LINQPad
LINQPad is a free, easy-to-use tool for developing with Language-Integrated Query (LINQ). It handles any valid Microsoft .NET Framework 3.5 C# statements against collections of any kind.
October 29, 2008
I’m a big fan of Microsoft Visual Studio, but sometimes it’s easier to fire up a lightweight tool, try some code, and use those results in my main development project. When it comes to any programming that includes LINQ, my tool of choice is LINQPad (www.linqpad.net). LINQPad is free, small (2MB), downloadable, and requires no installation.
More Than Just LINQ
The LINQPad utility was written by Joseph Albahari, who along with his brother Ben Albahari co-authored C# 3.0 in a Nutshell. Albahari includes 200 examples from this book in LINQPad. At the heart of LINQPad is a standard text editor that lets you quickly type single expressions or many statements, execute them, and get nicely formatted output to look over.
Queries
LINQPad handles any valid Microsoft .NET Framework 3.5 C# statements against collections of any kind (such as in-memory collections, XDocument-based XML, or SQL Server-based objects). The LINQPad samples don’t require that the code be based on LINQ; code can be based on any C# code snippet that you want to try out. If you want to extend the tool, you can add references to your own assemblies and build up your LINQ queries against those objects. I’ve done this often to iteratively work on queries against the business objects in my Windows Presentation Foundation (WPF) VS.NET-based solution. It’s so much quicker to use LINQPad to write the query, test it, get it right, and then paste it into my real code.
Output
LINQPad displays formatted output that shows the results of your executed code. I like the hierarchical, treeview output for collections that you can expand and collapse as desired. Each node shows the object type and the count of items in a collection. In addition, you can see any embedded objects in the object graph and you can expand or collapse these objects, which gives you a visual feel for your data model.
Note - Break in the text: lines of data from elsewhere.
lemma mset_eq_iff_removeAll:
  "mset xs = C \<longleftrightarrow>
     mset (removeAll M xs) = filter_mset ((\<noteq>) M) C \<and> count_list xs M = count C M"
proof -
  have "C = filter_mset ((\<noteq>) M) C + replicate_mset (count C M) M"
    by (rule multiset_eqI) auto
  then show ?thesis
    using mset_eq_mset_removeAll_plus_replicate[of xs M]
    by (auto simp: mset_removeAll_eq count_mset[symmetric])
qed

lemma slow_arrangements_iff_insertions:
  assumes "T < M" "set_mset C \<subseteq> {..M}"
  shows "xs \<in> slow_arrangements C T \<longleftrightarrow>
    removeAll M xs \<in> slow_arrangements (filter_mset ((\<noteq>) M) C) T \<and>
    xs \<in> insertions M M (removeAll M xs) (count C M)"
proof (cases "mset xs = C")
  case True
  let ?ok = "successively (\<lambda>x y. y = M \<longrightarrow> y \<le> Suc x)"
  have "\<forall>x\<in>set xs. x \<le> M"
    using True assms(2) by auto
  then have rise: "slow_rise xs \<longleftrightarrow> ?ok xs \<and> slow_rise (removeAll M xs)"
    by (rule slow_rise_removeAll_iff)
  have last: "(xs \<noteq> [] \<longrightarrow> T \<le> last xs) \<longleftrightarrow>
      (removeAll M xs \<noteq> [] \<longrightarrow> T \<le> last (removeAll M xs))" if "?ok xs"
    using last_removeAll_if_last_eq[OF that] last_removeAll_if_last_neq[of xs M] assms(1)
    by (cases "xs = []"; cases "last xs = M") auto
  have "?ok (M # xs) \<longleftrightarrow> ?ok xs"
    by (cases xs) auto
  with True rise last show ?thesis
    unfolding slow_arrangements_def insertions_def permutations_of_multiset_def
    using mset_eq_iff_removeAll[of xs C M] by (auto simp: count_mset)
next
  case False
  then show ?thesis
    unfolding slow_arrangements_def insertions_def permutations_of_multiset_def
    using mset_eq_iff_removeAll[of xs C M] by (auto simp: count_mset)
qed

lemma card_slow_arrangements_remove_max:
  assumes "T < M" "set_mset C \<subseteq> {..M}"
  shows "card (slow_arrangements C T) =
    (count C M + count C (M - 1) choose count C M) *
    card (slow_arrangements (filter_mset ((\<noteq>) M) C) T)"
proof -
  define C' where "C' = filter_mset ((\<noteq>) M) C"
  define m where "m = count C M"
  have split: "slow_arrangements C T = (\<Union>ys\<in>slow_arrangements C' T. insertions M M ys m)"
    using slow_arrangements_iff_insertions[OF assms] unfolding C'_def m_def insertions_def
    by blast
  have card_fibre: "card (insertions M M ys m) = m + count C (M - 1) choose m"
    if "ys \<in> slow_arrangements C' T" for ys
  proof -
    have "mset ys = C'"
      using that by (simp add: slow_arrangements_def permutations_of_multiset_def)
    then have "set ys = set_mset C'"
      by (metis set_mset_mset)
    then have "\<forall>y\<in>set ys. y < M"
      using assms(2) unfolding C'_def by fastforce
    moreover have "count_list ys (M - 1) = count C (M - 1)"
      using \<open>mset ys = C'\<close> assms(1) unfolding C'_def
      by (metis (mono_tags) count_filter_mset count_mset diff_less less_nat_zero_code
          nat_neq_iff zero_less_one)
    ultimately show ?thesis
      by (simp add: card_insertions)
  qed
  have "card (slow_arrangements C T) = (\<Sum>ys\<in>slow_arrangements C' T. card (insertions M M ys m))"
    unfolding split
    by (rule card_UN_disjoint)
      (simp_all add: finite_slow_arrangements finite_insertions, auto simp: insertions_def)
  also have "\<dots> = card (slow_arrangements C' T) * (m + count C (M - 1) choose m)"
    using card_fibre by simp
  finally show ?thesis
    unfolding C'_def m_def by (simp add: mult.commute)
qed

lemma slow_arrangements_max:
  assumes "set_mset C \<subseteq> {..M}" "M \<in># C"
  shows "slow_arrangements C M = (\<lambda>xs. xs @ [M]) ` slow_arrangements (C - {#M#}) (M - 1)"
proof -
  have snoc: "xs @ [M] \<in> slow_arrangements C M \<longleftrightarrow> xs \<in> slow_arrangements (C - {#M#}) (M - 1)"
    for xs
  proof -
    have "mset (xs @ [M]) = C \<longleftrightarrow> mset xs = C - {#M#}"
      using assms(2) by (auto simp: insert_DiffM)
    then show ?thesis
      unfolding slow_arrangements_def permutations_of_multiset_def
      by (auto simp: successively_append_iff)
  qed
  have butlast: "xs = butlast xs @ [M]" if "xs \<in> slow_arrangements C M" for xs
  proof -
    have "mset xs = C" and last_ge: "xs \<noteq> [] \<longrightarrow> M \<le> last xs"
      using that by (auto simp: slow_arrangements_def permutations_of_multiset_def)
    moreover from this have "xs \<noteq> []"
      using assms(2) by auto
    ultimately have "last xs \<in># C"
      by auto
    with assms(1) last_ge \<open>xs \<noteq> []\<close> have "last xs = M"
      by fastforce
    with \<open>xs \<noteq> []\<close> show ?thesis
      by (metis append_butlast_last_id)
  qed
  show ?thesis
  proof (intro equalityI subsetI)
    fix xs assume "xs \<in> slow_arrangements C M"
    with butlast snoc show "xs \<in> (\<lambda>xs. xs @ [M]) ` slow_arrangements (C - {#M#}) (M - 1)"
      by (metis image_eqI)
  qed (auto simp: snoc)
qed

lemma card_slow_arrangements_max:
  assumes "set_mset C \<subseteq> {..M}" "M \<in># C" "0 < M"
  shows "card (slow_arrangements C M) =
    (count C M - 1 + count C (M - 1) choose (count C M - 1)) *
    card (slow_arrangements (filter_mset ((\<noteq>) M) C) (M - 1))"
proof -
  have "card (slow_arrangements C M) = card (slow_arrangements (C - {#M#}) (M - 1))"
    using slow_arrangements_max[OF assms(1,2)] by (simp add: card_image inj_on_def)
  also have "\<dots> = (count C M - 1 + count C (M - 1) choose (count C M - 1)) *
      card (slow_arrangements (filter_mset ((\<noteq>) M) (C - {#M#})) (M - 1))"
  proof -
    have "set_mset (C - {#M#}) \<subseteq> {..M}"
      using assms(1) by (meson in_diffD subset_iff)
    moreover have "count (C - {#M#}) (M - 1) = count C (M - 1)"
    proof -
      have "M \<noteq> M - 1"
        using assms(3) by linarith
      then show ?thesis
        by simp
    qed
    ultimately show ?thesis
      using card_slow_arrangements_remove_max[of "M - 1" M "C - {#M#}"] assms(3) by simp
  qed
  also have "filter_mset ((\<noteq>) M) (C - {#M#}) = filter_mset ((\<noteq>) M) C"
    by (rule multiset_eqI) auto
  finally show ?thesis .
qed

lemma slow_arrangements_eq_empty:
  assumes "set_mset C \<subseteq> {..<T}" "C \<noteq> {#}"
  shows "slow_arrangements C T = {}"
proof -
  have "\<not> T \<le> last xs" if "mset xs = C" for xs
    using that assms by (metis last_in_set leD lessThan_iff mset_zero_iff set_mset_mset subsetD)
  then show ?thesis
    using assms(2) by (auto simp: slow_arrangements_def permutations_of_multiset_def)
qed

lemma card_slow_arrangements_peel:
  assumes "T \<le> M" "set_mset C \<subseteq> {..M}"
  shows "card (slow_arrangements C T) =
    (\<Prod>v\<in>{Suc T..M}. count C v + count C (v - 1) choose count C v) *
    card (slow_arrangements (filter_mset (\<lambda>v. v \<le> T) C) T)"
  using assms
proof (induction M arbitrary: C rule: dec_induct)
  case base
  then have "filter_mset (\<lambda>v. v \<le> T) C = C"
    by (auto simp: filter_mset_eq_conv)
  then show ?case
    by simp
next
  case (step M)
  let ?C' = "filter_mset ((\<noteq>) (Suc M)) C"
  have "set_mset ?C' \<subseteq> {..M}"
    using step.prems by auto
  moreover have "filter_mset (\<lambda>v. v \<le> T) ?C' = filter_mset (\<lambda>v. v \<le> T) C"
    using step.hyps by (auto intro: multiset_eqI)
  moreover have "(\<Prod>v\<in>{Suc T..M}. count ?C' v + count ?C' (v - 1) choose count ?C' v) =
      (\<Prod>v\<in>{Suc T..M}. count C v + count C (v - 1) choose count C v)"
    by (rule prod.cong) auto
  ultimately have "card (slow_arrangements ?C' T) =
      (\<Prod>v\<in>{Suc T..M}. count C v + count C (v - 1) choose count C v) *
      card (slow_arrangements (filter_mset (\<lambda>v. v \<le> T) C) T)"
    using step.IH[of ?C'] by simp
  moreover have "Suc T \<le> Suc M"
    using step.hyps by simp
  ultimately show ?case
    using card_slow_arrangements_remove_max[of T "Suc M" C] step.hyps step.prems
    by (simp add: prod.cl_ivl_Suc)
qed

lemma card_slow_arrangements_interval:
  assumes "set_mset C = {a..M}" "0 < a"
  shows "card (slow_arrangements C M) =
    (\<Prod>v\<in>{a..M}. count C v - 1 + count C (v - 1) choose (count C v - 1))"
  using assms(1)
proof (induction M arbitrary: C)
  case 0
  then show ?case
    using assms(2) by (simp add: slow_arrangements_empty)
next
  case (Suc M)
  show ?case
  proof (cases "a \<le> Suc M")
    case False
    with Suc.prems show ?thesis
      by (simp add: slow_arrangements_empty)
  next
    case True
    let ?C' = "filter_mset ((\<noteq>) (Suc M)) C"
    have "set_mset ?C' = {a..M}"
      using Suc.prems by auto
    then have "card (slow_arrangements ?C' M) =
        (\<Prod>v\<in>{a..M}. count ?C' v - 1 + count ?C' (v - 1) choose (count ?C' v - 1))"
      by (rule Suc.IH)
    also have "\<dots> = (\<Prod>v\<in>{a..M}. count C v - 1 + count C (v - 1) choose (count C v - 1))"
      by (rule prod.cong) auto
    moreover have "card (slow_arrangements C (Suc M)) =
        (count C (Suc M) - 1 + count C M choose (count C (Suc M) - 1)) *
        card (slow_arrangements ?C' M)"
      using card_slow_arrangements_max[of C "Suc M"] Suc.prems True by simp
    ultimately show ?thesis
      using True by (simp add: prod.cl_ivl_Suc)
  qed
qed

lemma choose_add_swap: "m + n choose m = m + n choose n"
  using binomial_symmetric[of m "m + n"] by simp

lemma prod_shift_two:
  assumes "2 \<le> n"
  shows "(\<Prod>v\<in>{Suc (Suc m)..n}. f v) = (\<Prod>i\<in>{m..n - 2}. f (i + 2))"
proof -
  have "(n - 2) + 2 = n"
    using assms by simp
  then have "{Suc (Suc m)..n} = {m + 2..(n - 2) + 2}"
    by simp
  then show ?thesis
    by (simp only: prod.shift_bounds_cl_nat_ivl)
qed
There are three handy buttons you can use to see different types of output. The Results button is selected by default; it shows the graphical output of the query. The lambda operator shows the lambda equivalent of any of your LINQ queries that are IQueryable. The SQL button shows you any SQL statements that are executed based on the LINQ to SQL statements you executed. You can learn some complicated SQL by inspecting this output, as the following example shows:
SELECT [t0].[CustomerID], [t1].[ProductID]FROM [Orders] AS [t0], [Order Details] AS [t1]WHERE [t0].[OrderID] = [t1].[OrderID]
Wish List
One of the shortcomings of LINQPad is the lack of auto completion in the editor. Many developers have come to rely on the IntelliSense offered in Visual Studio. Most of the time, I use LINQPad as a way to get the syntax right for a complicated statement or explore new possibilities with queries, and it’s very helpful to have the available members on a particular object right there in an auto completion list. The LINQPad community has been asking for IntelliSense on the support forums, and Albahari is listening—IntelliSense is in the works. A beta switch in the current version shows you that he’s working on it. Run LINQPad with a parameter of -beta and you’ll have IntelliSense:
LINQPad.exe -beta
As indicated on the support forums (forums.oreilly .com/category/22/C-3-0-in-a-Nutshell), only C# 2.0 features are currently supported.
One more feature I hope Albahari adds in a future release is the ability to customize the keyboard shortcuts available throughout the application. Shortcuts such as Ctrl+K, to comment a block of code, and U, to uncomment a block of code, while close to the Visual Studio equivalents, throw me off just enough to misuse them quite often. I’m such a keyboard-centric user that I want to map the shortcuts to those I use in Visual Studio 2008. I’d like to see keyboard commands to expand or collapse nodes in the output window added as well.